| Record excerpts |
definition f_kernel_perfect_orientation ::
    "'b set \<Rightarrow> ('b \<Rightarrow> 'b \<Rightarrow> bool) \<Rightarrow> ('b \<Rightarrow> nat) \<Rightarrow> ('b \<times> 'b) set \<Rightarrow> bool" where
  "f_kernel_perfect_orientation X adj f D \<longleftrightarrow> is_orientation X adj D \<and> kernel_perfect X D \<and>
     (\<forall>v\<in>X. f v \<ge> 1 + out_degree D v)"

definition f_edge_orientable :: "'a set set \<Rightarrow> ('a set \<Rightarrow> nat) \<Rightarrow> bool" where
  "f_edge_orientable E f \<longleftrightarrow> (\<exists>D. f_kernel_perfect_orientation E (line_adj E) f D)"

definition f_kv :: "'a set set \<Rightarrow> nat \<Rightarrow> 'a \<Rightarrow> 'a set \<Rightarrow> nat" where
  "f_kv E k v e = (if v \<in> e then degree E v else k)"

definition strongly_k_edge_orientable :: "'a set \<Rightarrow> 'a set set \<Rightarrow> nat \<Rightarrow> bool" where
  "strongly_k_edge_orientable V E k \<longleftrightarrow> (\<forall>v\<in>V. f_edge_orientable E (f_kv E k v))"

end

theory Submission imports Defs begin

text \<open>A graph that is not itself a block splits as
G = G1 \<union> G2 with V(G1) \<inter> V(G2) \<subseteq> {c}; the blocks of the sides that have an edge are blocks
of G, so both sides are strongly k-edge-orientable. For v in G1, take an orientation of L(G1) for
the prescription at v and one of L(G2) for the prescription at c, and let every edge of G2 at c
point to every edge of G1 at c. A kernel of an induced subdigraph is obtained by first choosing one
on the G1-side and then one on the G2-side, avoiding the edges at c whenever these are already
absorbed. The new arcs raise the out-degree of an edge of G2 at c by d_G1(c), which is exactly the
gap between its bound d_G2(c) and d_G(c) \<le> f(e); here k \<ge> \<Delta>(G) is used when v \<noteq> c.\<close>

section \<open>Gluing kernel-perfect orientations\<close>

text \<open>If the kernel S1 on the X1-side meets C1, every vertex of C2 is already absorbed, so the
X2-side kernel is chosen outside C2; otherwise no new arc can join S1 and S2.\<close>

lemma kernel_perfect_join:
  assumes kp1: "kernel_perfect X1 D1" and kp2: "kernel_perfect X2 D2"
    and D1: "D1 \<subseteq> X1 \<times> X1" and D2: "D2 \<subseteq> X2 \<times> X2"
    and disj: "X1 \<inter> X2 = {}" and C1: "C1 \<subseteq> X1" and C2: "C2 \<subseteq> X2"
  shows "kernel_perfect (X1 \<union> X2) (D1 \<union> D2 \<union> C2 \<times> C1)"
  unfolding kernel_perfect_def
proof (intro allI impI)
  fix Y assume Y: "Y \<subseteq> X1 \<union> X2"
  obtain S1 where S1: "is_kernel_of D1 (Y \<inter> X1) S1"
    using kp1 inf_le2 unfolding kernel_perfect_def by blast
  define Z where "Z = Y \<inter> X2 - (if S1 \<inter> C1 = {} then {} else C2)"
  have "Z \<subseteq> X2" unfolding Z_def by auto
  then obtain S2 where S2: "is_kernel_of D2 Z S2"
    using kp2 unfolding kernel_perfect_def by blast
  have S1_props: "S1 \<subseteq> Y \<inter> X1" "\<forall>x\<in>S1. \<forall>y\<in>S1. (x, y) \<notin> D1"
      "\<forall>x\<in>Y \<inter> X1 - S1. \<exists>y\<in>S1. (x, y) \<in> D1"
    using S1 unfolding is_kernel_of_def by auto
  have S2_props: "S2 \<subseteq> Z" "\<forall>x\<in>S2. \<forall>y\<in>S2. (x, y) \<notin> D2"
      "\<forall>x\<in>Z - S2. \<exists>y\<in>S2. (x, y) \<in> D2"
    using S2 unfolding is_kernel_of_def by auto
  have independent: "(x, y) \<notin> D1 \<union> D2 \<union> C2 \<times> C1" if "x \<in> S1 \<union> S2" "y \<in> S1 \<union> S2" for x y
    using that S1_props(1,2) S2_props(1,2) D1 D2 disj C1 C2 unfolding Z_def
    by (auto split: if_splits)
  have absorbing: "\<exists>y\<in>S1 \<union> S2. (x, y) \<in> D1 \<union> D2 \<union> C2 \<times> C1" if "x \<in> Y - (S1 \<union> S2)" for x
  proof (cases "x \<in> X1")
    case True
    then show ?thesis using that S1_props(3) by blast
  next
    case False
    show ?thesis
    proof (cases "x \<in> Z")
      case True
      then show ?thesis using that S2_props(3) by blast
    next
      case False
      with \<open>x \<notin> X1\<close> that Y obtain s where "s \<in> S1 \<inter> C1" "x \<in> C2"
        unfolding Z_def by (auto split: if_splits)
      then show ?thesis by blast
    qed
  qed
  have "is_kernel_of (D1 \<union> D2 \<union> C2 \<times> C1) Y (S1 \<union> S2)"
    unfolding is_kernel_of_def using S1_props(1) S2_props(1) independent absorbing
    unfolding Z_def by blast
  then show "\<exists>S. is_kernel_of (D1 \<union> D2 \<union> C2 \<times> C1) Y S" ..
qed

lemma out_degree_join_left:
  assumes "D1 \<subseteq> X1 \<times> X1" "D2 \<subseteq> X2 \<times> X2" "X1 \<inter> X2 = {}" "C2 \<subseteq> X2" "u \<in> X1"
  shows "out_degree (D1 \<union> D2 \<union> C2 \<times> C1) u = out_degree D1 u"
proof -
  have "{w. (u, w) \<in> D1 \<union> D2 \<union> C2 \<times> C1} = {w. (u, w) \<in> D1}"
    using assms by auto
  then show ?thesis unfolding out_degree_def by simp
qed

lemma out_degree_join_right:
  assumes "finite X2" "finite C1" "D1 \<subseteq> X1 \<times> X1" "D2 \<subseteq> X2 \<times> X2" "u \<notin> X1"
  shows "out_degree (D1 \<union> D2 \<union> C2 \<times> C1) u
           \<le> out_degree D2 u + (if u \<in> C2 then card C1 else 0)"
proof -
  have succ: "{w. (u, w) \<in> D1 \<union> D2 \<union> C2 \<times> C1}
                = {w. (u, w) \<in> D2} \<union> (if u \<in> C2 then C1 else {})"
    using assms(3,5) by auto
  have "finite {w. (u, w) \<in> D2}"
    using assms(1,4) by (auto intro: finite_subset)
  then have "card ({w. (u, w) \<in> D2} \<union> (if u \<in> C2 then C1 else {}))
               \<le> card {w. (u, w) \<in> D2} + (if u \<in> C2 then card C1 else 0)"
    by (simp add: card_Un_le)
  then show ?thesis unfolding out_degree_def succ .
qed

lemma line_adj_orientation_join:
  assumes o1: "is_orientation E1 (line_adj E1) D1" and o2: "is_orientation E2 (line_adj E2) D2"
    and cross: "\<forall>u\<in>E1. \<forall>w\<in>E2. u \<inter> w \<subseteq> {c}" and disj: "E1 \<inter> E2 = {}"
  shows "is_orientation (E1 \<union> E2) (line_adj (E1 \<union> E2))
           (D1 \<union> D2 \<union> {w\<in>E2. c \<in> w} \<times> {u\<in>E1. c \<in> u})"
    (is "is_orientation ?E ?adj ?D")
proof -
  have adj1: "line_adj E1 u w \<longleftrightarrow> ?adj u w" if "u \<in> E1" "w \<in> E1" for u w
    using that unfolding line_adj_def by auto
  have adj2: "line_adj E2 u w \<longleftrightarrow> ?adj u w" if "u \<in> E2" "w \<in> E2" for u w
    using that unfolding line_adj_def by auto
  have meet_at_c: "c \<in> u \<and> c \<in> w" if "u \<in> E1" "w \<in> E2" "u \<inter> w \<noteq> {}" for u w
    using cross that by blast
  have arcs: "u \<in> ?E \<and> w \<in> ?E \<and> ?adj u w" if "(u, w) \<in> ?D" for u w
    using that o1 o2 disj adj1 adj2 unfolding is_orientation_def
    by (auto simp: line_adj_def)
  have edges: "(u, w) \<in> ?D \<or> (w, u) \<in> ?D" if uw: "u \<in> ?E" "w \<in> ?E" and adj: "?adj u w" for u w
  proof -
    consider "u \<in> E1" "w \<in> E1" | "u \<in> E2" "w \<in> E2" | "u \<in> E1" "w \<in> E2" | "u \<in> E2" "w \<in> E1"
      using uw by blast
    then show ?thesis
    proof cases
      case 1
      then show ?thesis using o1 adj1 adj unfolding is_orientation_def by blast
    next
      case 2
      then show ?thesis using o2 adj2 adj unfolding is_orientation_def by blast
    next
      case 3
      then show ?thesis using meet_at_c adj unfolding line_adj_def by blast
    next
      case 4
      then show ?thesis using meet_at_c[of w u] adj unfolding line_adj_def by blast
    qed
  qed
  show ?thesis
    unfolding is_orientation_def using arcs edges by blast
qed

lemma degree_Un_disjoint:
  assumes "finite E1" "finite E2" "E1 \<inter> E2 = {}"
  shows "degree (E1 \<union> E2) x = degree E1 x + degree E2 x"
proof -
  have "{e \<in> E1 \<union> E2. x \<in> e} = {e\<in>E1. x \<in> e} \<union> {e\<in>E2. x \<in> e}" by auto
  then show ?thesis
    unfolding degree_def using assms by (simp add: card_Un_disjoint disjoint_iff)
qed

lemma f_edge_orientable_join:
  assumes fin: "finite E1" "finite E2"
    and cross: "\<forall>u\<in>E1. \<forall>w\<in>E2. u \<inter> w \<subseteq> {c}" and disj: "E1 \<inter> E2 = {}"
    and deg_c: "degree (E1 \<union> E2) c \<le> k"
    and v: "\<forall>w\<in>E2. v \<in> w \<longrightarrow> v = c"
    and o1: "f_edge_orientable E1 (f_kv E1 k v)" and o2: "f_edge_orientable E2 (f_kv E2 k c)"
  shows "f_edge_orientable (E1 \<union> E2) (f_kv (E1 \<union> E2) k v)"
proof -
  obtain D1 where D1: "f_kernel_perfect_orientation E1 (line_adj E1) (f_kv E1 k v) D1"
    using o1 unfolding f_edge_orientable_def by blast
  obtain D2 where D2: "f_kernel_perfect_orientation E2 (line_adj E2) (f_kv E2 k c) D2"
    using o2 unfolding f_edge_orientable_def by blast
  define C1 where "C1 = {u\<in>E1. c \<in> u}"
  define C2 where "C2 = {w\<in>E2. c \<in> w}"
  define D where "D = D1 \<union> D2 \<union> C2 \<times> C1"
  have orient1: "is_orientation E1 (line_adj E1) D1" and kp1: "kernel_perfect E1 D1"
    and bound1: "\<forall>u\<in>E1. f_kv E1 k v u \<ge> 1 + out_degree D1 u"
    using D1 unfolding f_kernel_perfect_orientation_def by auto
  have orient2: "is_orientation E2 (line_adj E2) D2" and kp2: "kernel_perfect E2 D2"
    and bound2: "\<forall>u\<in>E2. f_kv E2 k c u \<ge> 1 + out_degree D2 u"
    using D2 unfolding f_kernel_perfect_orientation_def by auto
  have D1_sub: "D1 \<subseteq> E1 \<times> E1" and D2_sub: "D2 \<subseteq> E2 \<times> E2"
    using orient1 orient2 unfolding is_orientation_def by auto
  have deg: "degree (E1 \<union> E2) x = degree E1 x + degree E2 x" for x
    using degree_Un_disjoint[OF fin disj] .
  have "is_orientation (E1 \<union> E2) (line_adj (E1 \<union> E2)) D"
    unfolding D_def C1_def C2_def using line_adj_orientation_join[OF orient1 orient2 cross disj] .
  moreover have "kernel_perfect (E1 \<union> E2) D"
    unfolding D_def by (rule kernel_perfect_join[OF kp1 kp2 D1_sub D2_sub disj])
      (auto simp: C1_def C2_def)
  moreover have "f_kv (E1 \<union> E2) k v u \<ge> 1 + out_degree D u" if u: "u \<in> E1 \<union> E2" for u
  proof (cases "u \<in> E1")
    case True
    have "out_degree D u = out_degree D1 u"
      unfolding D_def by (rule out_degree_join_left[OF D1_sub D2_sub disj _ True]) (auto simp: C2_def)
    moreover have "f_kv E1 k v u \<le> f_kv (E1 \<union> E2) k v u"
      using deg[of v] unfolding f_kv_def by auto
    ultimately show ?thesis using bound1 True by fastforce
  next
    case False
    with u have u2: "u \<in> E2" by blast
    have out: "out_degree D u \<le> out_degree D2 u + (if u \<in> C2 then card C1 else 0)"
      unfolding D_def by (rule out_degree_join_right[OF fin(2) _ D1_sub D2_sub False])
        (use fin(1) in \<open>simp add: C1_def\<close>)
    have bound: "1 + out_degree D2 u \<le> f_kv E2 k c u" using bound2 u2 by blast
    show ?thesis
    proof (cases "c \<in> u")
      case True
      have "card C1 = degree E1 c" unfolding C1_def degree_def ..
      moreover have "degree (E1 \<union> E2) c \<le> f_kv (E1 \<union> E2) k v u"
        using deg_c v u2 unfolding f_kv_def by auto
      ultimately show ?thesis
        using out bound True u2 deg[of c] unfolding C2_def f_kv_def by simp
    next
      case False
      with v u2 have "v \<notin> u" by blast
      then show ?thesis using out bound False unfolding C2_def f_kv_def by simp
    qed
  qed
  ultimately show ?thesis
    unfolding f_edge_orientable_def f_kernel_perfect_orientation_def by blast
qed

| Task objective |
Transcribe each line of the data above, unaltered, from the one where "unfolding is_kernel_of_def using" appears to the one where "using assms(1,4) by" appears, inclusive of both.

| Answer section |
    unfolding is_kernel_of_def using S1_props(1) S2_props(1) independent absorbing
    unfolding Z_def by blast
  then show "\<exists>S. is_kernel_of (D1 \<union> D2 \<union> C2 \<times> C1) Y S" ..
qed

lemma out_degree_join_left:
  assumes "D1 \<subseteq> X1 \<times> X1" "D2 \<subseteq> X2 \<times> X2" "X1 \<inter> X2 = {}" "C2 \<subseteq> X2" "u \<in> X1"
  shows "out_degree (D1 \<union> D2 \<union> C2 \<times> C1) u = out_degree D1 u"
proof -
  have "{w. (u, w) \<in> D1 \<union> D2 \<union> C2 \<times> C1} = {w. (u, w) \<in> D1}"
    using assms by auto
  then show ?thesis unfolding out_degree_def by simp
qed

lemma out_degree_join_right:
  assumes "finite X2" "finite C1" "D1 \<subseteq> X1 \<times> X1" "D2 \<subseteq> X2 \<times> X2" "u \<notin> X1"
  shows "out_degree (D1 \<union> D2 \<union> C2 \<times> C1) u
           \<le> out_degree D2 u + (if u \<in> C2 then card C1 else 0)"
proof -
  have succ: "{w. (u, w) \<in> D1 \<union> D2 \<union> C2 \<times> C1}
                = {w. (u, w) \<in> D2} \<union> (if u \<in> C2 then C1 else {})"
    using assms(3,5) by auto
  have "finite {w. (u, w) \<in> D2}"
    using assms(1,4) by (auto intro: finite_subset)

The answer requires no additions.